lemma form_bounded_mmult:
  assumes "form_bounded M C1" "form_bounded N C2"
  shows "form_bounded (mmult M N) (C1 * C2)"
  unfolding form_bounded_def
proof (intro conjI allI impI)
  show "0 \<le> C1 * C2"
    using form_bounded_nonneg[OF assms(1)] form_bounded_nonneg[OF assms(2)] by simp
  fix x y :: vec and F G :: "int set"
  assume F: "finite F" and G: "finite G"
  define w where "w j = (\<Sum>k\<in>F. N j k * x k)" for j
  have w_bounded: "l2norm_on w H \<le> C2 * l2norm_on x F" if "finite H" for H
    unfolding w_def by (rule form_bounded_section[OF assms(2) F that])
  have summable: "(\<lambda>j. M i j * N j k) summable_on UNIV" for i k
    using form_bounded_row_summable[OF assms(1) form_bounded_column[OF assms(2)]] .
  have row: "(\<Sum>k\<in>F. mmult M N i k * x k) = infsum (\<lambda>j. M i j * w j) UNIV" for i
  proof -
    have "(\<Sum>k\<in>F. mmult M N i k * x k) = (\<Sum>k\<in>F. infsum (\<lambda>j. M i j * N j k * x k) UNIV)"
      unfolding mmult_def by (intro sum.cong refl) (rule infsum_cmult_left'[symmetric])
    also have "\<dots> = infsum (\<lambda>j. \<Sum>k\<in>F. M i j * N j k * x k) UNIV"
      using infsum_sum[OF F, of "\<lambda>k j. M i j * N j k * x k" UNIV] summable
      by (simp add: summable_on_cmult_left)
    also have "\<dots> = infsum (\<lambda>j. M i j * w j) UNIV"
      unfolding w_def by (simp add: sum_distrib_left mult.assoc)
    finally show ?thesis .
  qed
  have "(\<Sum>i\<in>G. \<Sum>k\<in>F. cnj (y i) * mmult M N i k * x k) = (\<Sum>i\<in>G. cnj (y i) * infsum (\<lambda>j. M i j * w j) UNIV)"
    by (simp add: row[symmetric] sum_distrib_left mult.assoc)
  then have "cmod (\<Sum>i\<in>G. \<Sum>k\<in>F. cnj (y i) * mmult M N i k * x k) \<le> C1 * l2norm_on y G * (C2 * l2norm_on x F)"
    using form_bounded_infsum[OF assms(1) w_bounded G] by simp
  then show "cmod (\<Sum>i\<in>G. \<Sum>j\<in>F. cnj (y i) * mmult M N i j * x j) \<le> C1 * C2 * l2norm_on x F * l2norm_on y G"
    by (simp add: algebra_simps)
qed

definition wshift :: "int \<Rightarrow> (int \<Rightarrow> complex) \<Rightarrow> mat" where
  "wshift n b = (\<lambda>i j. if i = j + n then b j else 0)"

lemma form_bounded_wshift:
  assumes bounded: "\<And>j. cmod (b j) \<le> B" and "0 \<le> B"
  shows "form_bounded (wshift n b) B"
  unfolding form_bounded_def
proof (intro conjI allI impI)
  show "0 \<le> B"
    by fact
  fix x y :: vec and F G :: "int set"
  assume F: "finite F" and G: "finite G"
  define w where "w = (\<lambda>j. if j + n \<in> G then y (j + n) else 0)"
  have column: "(\<Sum>i\<in>G. cnj (y i) * wshift n b i j * x j) = cnj (w j) * b j * x j" for j
  proof -
    have "(\<Sum>i\<in>G. cnj (y i) * wshift n b i j * x j) = (\<Sum>i\<in>G. if i = j + n then cnj (y i) * b j * x j else 0)"
      unfolding wshift_def by (intro sum.cong) auto
    then show ?thesis
      using G by (simp add: w_def sum.delta)
  qed
  have "(\<Sum>i\<in>G. \<Sum>j\<in>F. cnj (y i) * wshift n b i j * x j) = (\<Sum>j\<in>F. cnj (w j) * b j * x j)"
    by (subst sum.swap) (simp add: column)
  then have "cmod (\<Sum>i\<in>G. \<Sum>j\<in>F. cnj (y i) * wshift n b i j * x j) \<le> (\<Sum>j\<in>F. cmod (cnj (w j) * b j * x j))"
    by (simp only: norm_sum)
  also have "\<dots> \<le> (\<Sum>j\<in>F. B * (cmod (x j) * cmod (w j)))"
    using bounded \<open>0 \<le> B\<close> by (intro sum_mono) (auto simp: norm_mult mult_right_mono mult.commute mult.left_commute)
  also have "\<dots> \<le> B * (l2norm_on x F * l2norm_on w F)"
    unfolding sum_distrib_left[symmetric] using \<open>0 \<le> B\<close> by (intro mult_left_mono sum_cmod_mult_le_l2norm_on)
  also have "\<dots> \<le> B * (l2norm_on x F * l2norm_on y G)"
    using l2norm_on_shift_le[OF F G] \<open>0 \<le> B\<close> unfolding w_def by (intro mult_left_mono) auto
  finally show "cmod (\<Sum>i\<in>G. \<Sum>j\<in>F. cnj (y i) * wshift n b i j * x j) \<le> B * l2norm_on x F * l2norm_on y G"
    by (simp add: mult.assoc)
qed

lemma form_bounded_mapply:
  assumes "form_bounded M C" "l2 x"
  shows "l2 (mapply M x) \<and> l2norm (mapply M x) \<le> C * l2norm x"
proof (rule l2_if_l2norm_on_bounded)
  fix G :: "int set"
  assume G: "finite G"
  have x_bounded: "\<And>H. finite H \<Longrightarrow> l2norm_on x H \<le> l2norm x"
    using l2norm_on_le_l2norm[OF assms(2)] by blast
  define v where "v = mapply M x"
  have "cmod (\<Sum>i\<in>G. cnj (v i) * v i) \<le> C * l2norm x * l2norm_on v G"
    using form_bounded_infsum[OF assms(1) x_bounded G, of v] unfolding v_def mapply_def
    by (simp add: mult_ac)
  then have "l2norm_on v G \<le> C * l2norm x"
    using G form_bounded_nonneg[OF assms(1)] by (intro l2norm_on_le_if_inner_le) auto
  then show "l2norm_on (mapply M x) G \<le> C * l2norm x"
    by (simp add: v_def)
qed

lemma form_bounded_mapply_coordinate:
  assumes "form_bounded M C" "l2 x" "l2norm x \<le> 1"
  shows "cmod (mapply M x m) \<le> C"
proof -
  have "cmod (mapply M x m) \<le> C * l2norm x"
    using cmod_le_l2norm form_bounded_mapply[OF assms(1,2)] by (meson order_trans)
  also have "\<dots> \<le> C"
    using assms(3) form_bounded_nonneg[OF assms(1)] by (simp add: mult_left_le)
  finally show ?thesis .
qed

lemma form_bounded_imp_bounded_mat:
  assumes "form_bounded M C"
  shows "bounded_mat M"
  unfolding bounded_mat_def
  using form_bounded_mapply[OF assms] form_bounded_row_summable[OF assms l2norm_on_le_l2norm] by blast

lemma bounded_mat_imp_form_bounded:
  assumes "bounded_mat M"
  shows "\<exists>C. form_bounded M C"
proof -
  obtain C0 where C0: "\<And>x. l2 x \<Longrightarrow> l2 (mapply M x) \<and> l2norm (mapply M x) \<le> C0 * l2norm x"
    using assms unfolding bounded_mat_def by blast
  define C where "C = max C0 0"
  have "form_bounded M C"
    unfolding form_bounded_def
  proof (intro conjI allI impI)
    show "0 \<le> C"
      unfolding C_def by simp
    fix x y :: vec and F G :: "int set"
    assume F: "finite F" and G: "finite G"
    define x' where "x' = (\<lambda>j. if j \<in> F then x j else 0)"
    have x': "l2 x'" "l2norm x' = l2norm_on x F"
      using l2_restrict[OF F] unfolding x'_def by auto
    have "(\<Sum>i\<in>G. \<Sum>j\<in>F. cnj (y i) * M i j * x j) = (\<Sum>i\<in>G. cnj (y i) * mapply M x' i)"
      using F by (simp add: x'_def mapply_restrict sum_distrib_left mult.assoc)
    then have "cmod (\<Sum>i\<in>G. \<Sum>j\<in>F. cnj (y i) * M i j * x j) \<le> (\<Sum>i\<in>G. cmod (y i) * cmod (mapply M x' i))"
      using norm_sum[of "\<lambda>i. cnj (y i) * mapply M x' i" G] by (simp add: norm_mult)
    also have "\<dots> \<le> l2norm_on y G * l2norm_on (mapply M x') G"
      by (rule sum_cmod_mult_le_l2norm_on)
    also have "\<dots> \<le> l2norm_on y G * (C * l2norm_on x F)"
    proof (rule mult_left_mono)
      have "l2norm_on (mapply M x') G \<le> l2norm (mapply M x')"
        using C0[OF x'(1)] G l2norm_on_le_l2norm by blast
      also have "\<dots> \<le> C0 * l2norm_on x F"
        using C0[OF x'(1)] x'(2) by simp
      also have "\<dots> \<le> C * l2norm_on x F"
        unfolding C_def by (simp add: mult_right_mono)
      finally show "l2norm_on (mapply M x') G \<le> C * l2norm_on x F" .
    qed simp
    finally show "cmod (\<Sum>i\<in>G. \<Sum>j\<in>F. cnj (y i) * M i j * x j) \<le> C * l2norm_on x F * l2norm_on y G"
      by (simp add: mult_ac)
  qed
  then show ?thesis
    by blast
qed

lemma cZ_bounded:
  assumes "a \<in> cZ"
  obtains B where "0 \<le> B" "\<And>j. cmod (a j) \<le> B"
proof -
  obtain l1 l2 where "(a \<longlongrightarrow> l1) at_top" "(a \<longlongrightarrow> l2) at_bot"
    using assms unfolding cZ_def by blast
  then have "eventually (\<lambda>j. dist (a j) l1 < 1) at_top" "eventually (\<lambda>j. dist (a j) l2 < 1) at_bot"
    by (simp_all add: tendstoD)
  then obtain N1 N2 where N1: "\<And>j. j \<ge> N1 \<Longrightarrow> dist (a j) l1 < 1" and N2: "\<And>j. j \<le> N2 \<Longrightarrow> dist (a j) l2 < 1"
    unfolding eventually_at_top_linorder eventually_at_bot_linorder by blast
  define B where "B = max (cmod l1 + 1) (max (cmod l2 + 1) (\<Sum>j\<in>{N2..N1}. cmod (a j)))"
  have "cmod (a j) \<le> B" for j
  proof -
    consider "j \<ge> N1" | "j \<le> N2" | "j \<in> {N2..N1}"
      by fastforce
    then show ?thesis
    proof cases
      case 1
      then show ?thesis
        using N1[of j] norm_triangle_sub[of "a j" l1] unfolding B_def dist_norm by linarith
    next
      case 2
      then show ?thesis
        using N2[of j] norm_triangle_sub[of "a j" l2] unfolding B_def dist_norm by linarith
    next
      case 3
      then have "cmod (a j) \<le> (\<Sum>j\<in>{N2..N1}. cmod (a j))"
        by (intro member_le_sum) auto
      then show ?thesis
        unfolding B_def by linarith
    qed
  qed
  moreover have "0 \<le> B"
    unfolding B_def by (simp add: le_max_iff_disj)
  ultimately show ?thesis
    using that by blast
qed

lemma Calg_form_bounded: "M \<in> Calg \<Longrightarrow> \<exists>C. form_bounded M C"
proof (induction rule: Calg.induct)
  case gen_U
  have "Ushift = wshift 1 (\<lambda>_. 1)"
    unfolding Ushift_def Upow_def wshift_def by auto
  moreover have "form_bounded (wshift 1 (\<lambda>_. 1)) 1"
    by (rule form_bounded_wshift) simp_all
  ultimately show ?case
    by metis
next
  case (gen_diag a)
  obtain B where "0 \<le> B" "\<And>j. cmod (a j) \<le> B"
    using cZ_bounded[OF gen_diag] by blast
  moreover have "diag a = wshift 0 a"
    unfolding diag_def wshift_def by auto
  ultimately show ?case
    using form_bounded_wshift by metis
next
  case (add M N)
  then show ?case
    using form_bounded_add by blast
next
  case (scale M c)
  then show ?case
    using form_bounded_mscale by blast
next
  case (mult M N)
  then show ?case
    using form_bounded_mmult by blast
next
  case (adj M)
  then show ?case
    using form_bounded_madj by blast
next
  case (lim f M)
  then show ?case
    using bounded_mat_imp_form_bounded by blast
qed


section \<open>Totally bounded sets and operators of finite rank\<close>

definition l2_totally_bounded :: "vec set \<Rightarrow> bool" where
  "l2_totally_bounded W \<longleftrightarrow>
     (\<forall>e>0. \<exists>F. finite F \<and> (\<forall>y\<in>F. l2 y) \<and> (\<forall>w\<in>W. \<exists>y\<in>F. l2norm (w - y) < e))"

lemma compact_op_iff_totally_bounded:
  "compact_op M \<longleftrightarrow> bounded_mat M \<and> l2_totally_bounded {mapply M x | x. l2 x \<and> l2norm x \<le> 1}"
  unfolding compact_op_def l2_totally_bounded_def by (simp add: setcompr_eq_image)

lemma l2_totally_bounded_subset: "W \<subseteq> W' \<Longrightarrow> l2_totally_bounded W' \<Longrightarrow> l2_totally_bounded W"
  unfolding l2_totally_bounded_def by (meson subsetD)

•••

### Exercise details
Return every line of the preceding records in which the word "close" appears.

### Result
    using bounded \<open>0 \<le> B\<close> by (intro sum_mono) (auto simp: norm_mult mult_right_mono mult.commute mult.left_commute)
    unfolding sum_distrib_left[symmetric] using \<open>0 \<le> B\<close> by (intro mult_left_mono sum_cmod_mult_le_l2norm_on)
    using l2norm_on_shift_le[OF F G] \<open>0 \<le> B\<close> unfolding w_def by (intro mult_left_mono) auto
section \<open>Totally bounded sets and operators of finite rank\<close>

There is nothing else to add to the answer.